必要なのは、「なにもかもを白日のもとにさらしておく仕組み」ではなく、「不正が起こりそうな場所に目をつけて、そこに光を当てにいく」という働きだ。「白日にさらす仕組み」なら、作っただけで放っておいても機能することがある。だが「光を当てにいく」のは、いちいち手作りの能動的な作業になる。これを担う活動がひとつあって、それが内部監査だ。

内部監査が光を当てる働きは、不正を直接的に暴くためだけではない。
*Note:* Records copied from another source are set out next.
lemma integrable_mixed_share_sq:
  assumes "1 \<le> n" "0 \<le> b" "b \<le> 1"
  shows "integrable (sample (n + 1)) (\<lambda>z. (mixed_share n b z)\<^sup>2)"
proof -
  interpret prob_space "sample (n + 1)" by (rule prob_space_sample)
  show ?thesis
  proof (rule integrable_const_bound[where B=1])
    show "AE z in sample (n + 1). norm ((mixed_share n b z)\<^sup>2) \<le> 1"
      using mixed_share_sq_le_1[OF assms(1) sample_coords[OF _ order_refl] assms(2,3)]
      by (auto intro: AE_I2)
  qed measurable
qed

lemma epsN_eq_integral_share: "epsN M p q k = integral\<^sup>L (sample k) (share k)"
  unfolding epsN_def prodM_eq_sample
proof (intro Bochner_Integration.integral_cong refl)
  fix z
  show "indicator (supp p) (z 1) * (w (z 1) / (\<Sum>i\<in>{1..k}. w (z i))) = share k z"
    using w_eq_0_outside_supp[of "z 1"] by (cases "z 1 \<in> supp p") (simp_all add: share_def wsum_def)
qed

lemma epsS_eq_mixed_moment: "epsS M p q l = mixed_moment (nat \<lfloor>l\<rfloor>) (betaL l)"
  unfolding epsS_def mixed_moment_def prodM_eq_sample Let_def
proof (intro Bochner_Integration.integral_cong refl)
  fix z
  let ?n = "nat \<lfloor>l\<rfloor>" and ?b = "betaL l"
  show "indicator (supp p) (z 1) * (?b * w (z 1) / (\<Sum>i\<in>{1..?n}. w (z i))
      + (1 - ?b) * w (z 1) / (\<Sum>j\<in>{1..?n + 1}. w (z j)))\<^sup>2 = (mixed_share ?n ?b z)\<^sup>2"
    using w_eq_0_outside_supp[of "z 1"]
    by (cases "z 1 \<in> supp p") (simp_all add: mixed_share_def share_def wsum_def)
qed

lemma share_restrict: "1 \<le> k \<Longrightarrow> k \<le> m \<Longrightarrow> share k (restrict z {1..m}) = share k z"
  unfolding share_def wsum_def by (intro arg_cong2[where f="(/)"] sum.cong) auto

lemma integral_sample_share:
  fixes g :: "real \<Rightarrow> real"
  assumes "1 \<le> k" "k \<le> m" "g \<in> borel_measurable borel"
  shows "(\<integral>z. g (share k z) \<partial>sample m) = (\<integral>z. g (share k z) \<partial>sample k)"
proof -
  have "(\<integral>z. g (share k z) \<partial>sample m) = (\<integral>z. g (share k (restrict z {1..k})) \<partial>sample m)"
    using share_restrict[OF assms(1) order_refl] by simp
  also have "\<dots> = (\<integral>z. g (share k z) \<partial>sample k)"
    using assms by (intro factors.integral_PiM_restrict) auto
  finally show ?thesis .
qed

lemma epsN_eq_integral_share_sample:
  assumes "1 \<le> k" "k \<le> m"
  shows "epsN M p q k = integral\<^sup>L (sample m) (share k)"
  using integral_sample_share[OF assms, of "\<lambda>x. x"] by (simp add: epsN_eq_integral_share)

subsection \<open>The mixed second moment\<close>

lemma mixed_moment_pos:
  assumes "1 \<le> n" "0 \<le> b" "b \<le> 1"
  shows "0 < mixed_moment n b"
proof -
  interpret prob_space "sample (n + 1)" by (rule prob_space_sample)
  have "AE z in sample (n + 1). 0 < w (z 1)"
    by (rule AE_sample_w_pos) simp
  then have "AE z in sample (n + 1). 0 < (mixed_share n b z)\<^sup>2"
    using AE_space
  proof eventually_elim
    case (elim z)
    note coords = sample_coords[OF elim(2) order_refl]
    have "0 < share (n + 1) z"
      using share_pos[OF _ coords elim(1)] by simp
    then show ?case
      using mixed_share_bounds(1)[OF assms(1) coords assms(2,3)] by simp
  qed
  then show ?thesis
    unfolding mixed_moment_def using integrable_mixed_share_sq[OF assms]
    by (intro expectation_greater)
qed

lemma mixed_moment_mono:
  assumes "1 \<le> n" "0 \<le> b1" "b1 \<le> b2" "b2 \<le> 1"
  shows "mixed_moment n b1 \<le> mixed_moment n b2"
  unfolding mixed_moment_def
proof (rule integral_mono)
  show "integrable (sample (n + 1)) (\<lambda>z. (mixed_share n b1 z)\<^sup>2)"
    "integrable (sample (n + 1)) (\<lambda>z. (mixed_share n b2 z)\<^sup>2)"
    using assms by (intro integrable_mixed_share_sq; linarith)+
  fix z assume "z \<in> space (sample (n + 1))"
  then show "(mixed_share n b1 z)\<^sup>2 \<le> (mixed_share n b2 z)\<^sup>2"
    using assms(1,2,3) by (intro mixed_share_sq_mono sample_coords) auto
qed

lemma mixed_moment_strict_mono:
  assumes n: "1 \<le> n" and b: "0 \<le> b1" "b1 < b2" "b2 \<le> 1"
  shows "mixed_moment n b1 < mixed_moment n b2"
proof -
  interpret prob_space "sample (n + 1)" by (rule prob_space_sample)
  define A where "A = PiE {1..n + 1} (\<lambda>i. if i = 1 \<or> i = n + 1 then support else space M)"
  have A_sets: "A \<in> sets (sample (n + 1))"
    unfolding A_def by (rule sets_PiM_I_finite) auto
  have "emeasure (sample (n + 1)) A
      = (\<Prod>i\<in>{1..n + 1}. emeasure (factor i) (if i = 1 \<or> i = n + 1 then support else space M))"
    unfolding A_def by (rule factors.emeasure_PiM) auto
  also have "\<dots> \<noteq> 0"
    using emeasure_factor_support prob_space.emeasure_space_1[OF prob_space_factor] by auto
  finally have A_pos: "emeasure (sample (n + 1)) A \<noteq> 0" .
  show ?thesis
    unfolding mixed_moment_def
  proof (rule integral_less_AE[OF _ _ A_pos A_sets])
    show "integrable (sample (n + 1)) (\<lambda>z. (mixed_share n b1 z)\<^sup>2)"
      "integrable (sample (n + 1)) (\<lambda>z. (mixed_share n b2 z)\<^sup>2)"
      using assms by (intro integrable_mixed_share_sq; linarith)+
    show "AE z in sample (n + 1). (mixed_share n b1 z)\<^sup>2 \<le> (mixed_share n b2 z)\<^sup>2"
      using n b by (intro AE_I2 mixed_share_sq_mono sample_coords) auto
    show "AE z in sample (n + 1). z \<in> A \<longrightarrow> (mixed_share n b1 z)\<^sup>2 \<noteq> (mixed_share n b2 z)\<^sup>2"
    proof (intro AE_I2 impI)
      fix z assume "z \<in> space (sample (n + 1))" "z \<in> A"
      have "z i \<in> support" if "i = 1 \<or> i = n + 1" for i
        using PiE_mem[OF \<open>z \<in> A\<close>[unfolded A_def], of i] that n by auto
      then have "0 < w (z 1)" "0 < w (z (n + 1))"
        by auto
      then show "(mixed_share n b1 z)\<^sup>2 \<noteq> (mixed_share n b2 z)\<^sup>2"
        using mixed_share_sq_strict_mono[OF n sample_coords[OF \<open>z \<in> space _\<close> order_refl] b(1,2)]
        by simp
    qed
  qed
qed
inductive polyfun :: "(real^'m \<Rightarrow> real) \<Rightarrow> bool" where
  const: "polyfun (\<lambda>t. c)"
| coord: "polyfun (\<lambda>t. t $ i)"
| add: "polyfun p \<Longrightarrow> polyfun q \<Longrightarrow> polyfun (\<lambda>t. p t + q t)"
| mult: "polyfun p \<Longrightarrow> polyfun q \<Longrightarrow> polyfun (\<lambda>t. p t * q t)"

definition rational_on :: "(real^'m) set \<Rightarrow> (real^'m \<Rightarrow> real) \<Rightarrow> bool" where
  "rational_on D f \<longleftrightarrow> (\<exists>p q. polyfun p \<and> polyfun q \<and>
      (\<forall>t\<in>D. q t \<noteq> 0 \<and> f t = p t / q t))"

text \<open>Points of R^n are indexed by 'm option: None is coordinate 1, Some i are
  coordinates 2..n (so n = CARD('m) + 1 \<ge> 2); parameters t range over R^(n-1) = real^'m.\<close>
definition rp_param :: "(real^'m \<Rightarrow> real^('m option)) \<Rightarrow> (real^'m) set \<Rightarrow> bool" where
  "rp_param \<sigma> D \<longleftrightarrow> (\<forall>k. rational_on D (\<lambda>t. \<sigma> t $ k))"

definition rp_surface :: "(real^'m \<Rightarrow> real^('m option)) \<Rightarrow> (real^'m) set \<Rightarrow> (real^('m option)) set" where
  "rp_surface \<sigma> D = \<sigma> ` D"

definition sigma_hat :: "(real^'m \<Rightarrow> real^('m option)) \<Rightarrow> real^'m \<Rightarrow> real^'m" where
  "sigma_hat \<sigma> t = (\<chi> i. \<sigma> t $ Some i / \<sigma> t $ None)"

text \<open>sigma-bar = (sigma_1, ..., sigma_{n-1}): the coordinate l is the one playing the role
  of the last coordinate sigma_n; it is dropped and sigma_1 put in its slot (a permutation
  of the output coordinates, irrelevant for the nonvanishing of the Jacobian determinant).\<close>
definition sigma_bar :: "'m \<Rightarrow> (real^'m \<Rightarrow> real^('m option)) \<Rightarrow> real^'m \<Rightarrow> real^'m" where
  "sigma_bar l \<sigma> t = (\<chi> i. if i = l then \<sigma> t $ None else \<sigma> t $ Some i)"

definition inner_point_condition :: "(real^'m \<Rightarrow> real^('m option)) \<Rightarrow> (real^'m) set \<Rightarrow> bool" where
  "inner_point_condition \<sigma> V \<longleftrightarrow> (\<exists>t'\<in>V. sigma_hat \<sigma> t' \<in> interior (sigma_hat \<sigma> ` V))"

end

(*
  Suppose no point of sigma_hat(O) is interior. By the open mapping theorem the derivative of
  sigma_hat is then nowhere onto, hence singular, on O. Since sigma_hat divides by sigma_1, a
  kernel vector v satisfies D sigma(x) v = mu sigma(x), so sigma(x) lies in the range of
  D sigma(x) wherever D sigma(x) is injective.
  Near t, sigma_bar is a local diffeomorphism; lifting the ray c |-> c sigma_bar(t) through it
  gives a curve tau with tau(1) = t, and injectivity of D sigma_bar along tau turns the above
  into the Euler equation sigma(tau c) = c (sigma o tau)'(c). Thus sigma(tau c) / c is
  constant, i.e. sigma(tau c) = c sigma(t) for all c near 1, contradicting the hypothesis.
*)
theory Submission
  imports Defs
begin

lemma has_derivative_vecI:
  fixes f :: "'a::real_normed_vector \<Rightarrow> real^'n"
  assumes "\<And>k. ((\<lambda>x. f x $ k) has_derivative (\<lambda>h. f' h $ k)) (at x)"
  shows "(f has_derivative f') (at x)"
  using assms
  by (intro has_derivative_componentwise_within[THEN iffD2]) (auto simp: Basis_vec_def inner_axis)

lemma has_vector_derivative_comp_has_derivative:
  assumes "(\<tau> has_vector_derivative v) (at c)" "(f has_derivative f') (at (\<tau> c))"
  shows "((f \<circ> \<tau>) has_vector_derivative f' v) (at c)"
proof -
  have "((f \<circ> \<tau>) has_derivative (f' \<circ> (\<lambda>x. x *\<^sub>R v))) (at c)"
    using diff_chain_at assms unfolding has_vector_derivative_def by blast
  moreover have "linear f'"
    using assms(2) has_derivative_linear by blast
  ultimately show ?thesis
    unfolding has_vector_derivative_def by (simp add: o_def linear_cmul)
qed

lemma interior_image_if_surj_derivative:
  fixes f :: "'a::euclidean_space \<Rightarrow> 'b::euclidean_space"
  assumes V: "open V" and x: "x \<in> V"
    and der: "\<And>y. y \<in> V \<Longrightarrow> (f has_derivative f' y) (at y)"
    and surj: "surj (f' x)"
  shows "f x \<in> interior (f ` V)"
proof -
  have "linear (f' x)"
    using der[OF x] has_derivative_linear by blast
  then obtain g where g: "linear g" "f' x \<circ> g = id"
    using linear_surjective_right_inverse surj by blast
  have cont: "continuous_on V f"
    using der by (meson continuous_at_imp_continuous_on has_derivative_continuous)
  have "bounded_linear g"
    using g(1) linear_conv_bounded_linear by blast
  moreover have "x \<in> interior V"
    using V x by (simp add: interior_open)
  ultimately show ?thesis
    by (rule sussmann_open_mapping[OF V cont x der[OF x] _ g(2) subset_refl])
qed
前述、悪事を決心させる要素のひとつである「発覚の恐れがない」という見通しを揺るがせることで、不正行為そのものへの強い抑止効果が働く。

企業不祥事が起きるごとに、「内部統制が整備されていなかった」「内部監査が機能しなかった」と指摘される。法や風潮が求めるままに形だけの整備を行なっていても、いざというとき役に立たないし、あるだけ無駄だ。内部統制・内部監査に本腰を入れて取り組んだほうが組織のためになる。
 
■内部監査は不正対応だけではない

今回は内部監査のコマーシャルであった。
企業による不正不祥事がつぎつぎ明るみに出る状況の中で、不正にフォーカスした論を張ってしまったが、内部監査の一面を照らしたにすぎない。内部監査でできることは不正抑止だけではなく、むしろその比重は軽いぐらいだ。不正以外に、組織内に横たわるもっと大きな不都合を、内部監査は正さなくてはならない。と今回は暗示にとどめ、別稿で論を進めていこう。

冒頭、学園祭の話の「◇」さんは、「ばれないと思った」という3人に対して、今後はどんなことをするのだろうか。同じようなイベントがあるときには、「面倒だからといって不利な調達をしていないか、見返りのあるコストを使っているか、私利のためにリソースを使っていないか」と調べてまわるのだろうか。なんとなく心が締めつけられる。

せめて学生さんのうちは、もうすこしイイカゲンでもいいのではないかと筆者は思う。一方でまた、彼らにとっても「だまっていればバレないところに光を当てにいく」ことの必要性が勉強できたのを良しとするか。思いは乱れる。